----- The data
(* Let $\alpha,\beta,\gamma\ge0$ with $\alpha(\beta+\gamma)>0$. Then for every $\theta\in(0,2\pi)$ both roots $\lambda\in\mathbb C$ of $$\lambda^2+\gamma\lambda+\beta\lambda(1-e^{i\theta})+\alpha(2-e^{i\theta}-e^{-i\theta})=0$$ have strictly negative real part.
   Context: This is the characteristic equation of the linearised car-following system $\ddot s_n=-\gamma\dot s_n+\beta(\dot s_{n+1}-\dot s_n)+\alpha(s_{n+1}-2s_n+s_{n-1})$ on a ring (optimal velocity function constant), obtained from the ansatz $s_n=\xi e^{\lambda t}e^{in\theta}$. *)

theory Defs
  imports Complex_Main
begin

end

theory Submission
  imports Defs
begin

text \<open>With \<open>e = exp (\<i> t)\<close> the equation reads \<open>z\<^sup>2 + (p + \<i> q) z + r = 0\<close> with real
  \<open>p = c + b (1 - cos t) > 0\<close>, \<open>q = - b sin t\<close> and \<open>r = 2 a (1 - cos t) > 0\<close>.
  For such a quadratic, writing \<open>z = x + \<i> y\<close> and eliminating \<open>y\<close> between the real and
  imaginary parts gives \<open>(2x + p)\<^sup>2 (x\<^sup>2 + p x + r) = - q\<^sup>2 x (x + p)\<close>, which is
  impossible for \<open>x \<ge> 0\<close>, since then the left side is positive and the right side is not.\<close>

lemma quadratic_root_Re_neg:
  fixes p q r :: real and z :: complex
  assumes "p > 0" and "r > 0"
    and "z\<^sup>2 + Complex p q * z + of_real r = 0"
  shows "Re z < 0"
proof (rule ccontr)
  define x y where "x = Re z" and "y = Im z"
  assume "\<not> Re z < 0"
  then have "x \<ge> 0" by (simp add: x_def)
  have "Complex (x*x - y*y + p*x - q*y + r) (2*x*y + p*y + q*x) = 0"
    using assms(3) complex_surj[of z]
    by (simp add: x_def y_def power2_eq_square complex_eq_iff algebra_simps)
  then have re: "x*x - y*y + p*x - q*y + r = 0" and im: "(2*x + p) * y = - q * x"
    by (simp_all add: complex_eq_iff algebra_simps)
  have "(2*x + p)\<^sup>2 * (x*x + p*x + r) = ((2*x + p) * y) * ((2*x + p) * y + (2*x + p) * q)"
    using re by (simp add: power2_eq_square algebra_simps)
  also have "\<dots> = - (q*q) * (x * (x + p))"
    using im by (simp add: algebra_simps)
  also have "\<dots> \<le> 0"
    using \<open>x \<ge> 0\<close> \<open>p > 0\<close> by simp
  finally have "(2*x + p)\<^sup>2 * (x*x + p*x + r) \<le> 0" .
  moreover have "(2*x + p)\<^sup>2 * (x*x + p*x + r) > 0"
    using \<open>x \<ge> 0\<close> assms(1,2) by (intro mult_pos_pos) (simp_all add: add_nonneg_pos)
  ultimately show False by simp
qed

lemma cos_less_one:
  assumes "0 < t" and "t < 2 * pi"
  shows "cos t < 1"
proof -
  have "sin (t / 2) > 0"
    using assms by (intro sin_gt_zero) simp_all
  moreover have "cos t = 1 - 2 * (sin (t / 2))\<^sup>2"
    using cos_double_sin[of "t / 2"] by simp
  ultimately show ?thesis by simp
qed

theorem mainTheorem7:
  fixes a b c t :: real and z :: complex
  assumes "a \<ge> 0" and "b \<ge> 0" and "c \<ge> 0"
    and "a * (b + c) > 0"
    and "0 < t" and "t < 2 * pi"
    and "z\<^sup>2 + of_real c * z + of_real b * z * (1 - exp (\<i> * of_real t))
          + of_real a * (2 - exp (\<i> * of_real t) - exp (- (\<i> * of_real t))) = 0"
  shows "Re z < 0"
proof (rule quadratic_root_Re_neg)
  have "cos t < 1" using assms(5,6) by (rule cos_less_one)
  have "a > 0" "b + c > 0"
    using assms(1-4) by (auto simp: zero_less_mult_iff)
  show "c + b * (1 - cos t) > 0"
    using \<open>cos t < 1\<close> \<open>b + c > 0\<close> assms(2,3)
    by (smt (verit) mult_nonneg_nonneg mult_pos_pos)
  show "2 * a * (1 - cos t) > 0"
    using \<open>cos t < 1\<close> \<open>a > 0\<close> by simp
  have "exp (\<i> * of_real t) = Complex (cos t) (sin t)"
    and "exp (- (\<i> * of_real t)) = Complex (cos t) (- sin t)"
    by (simp_all add: exp_eq_polar cis.ctr)
  with assms(7) show "z\<^sup>2 + Complex (c + b * (1 - cos t)) (- b * sin t) * z
      + of_real (2 * a * (1 - cos t)) = 0"
    by (simp add: complex_eq_iff algebra_simps power2_eq_square)
qed

end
----------
→ **About this exercise**
Work through the data above line by line and give the number of lines in which "equation" occurs. Add nothing else.

→ **Answer below**
2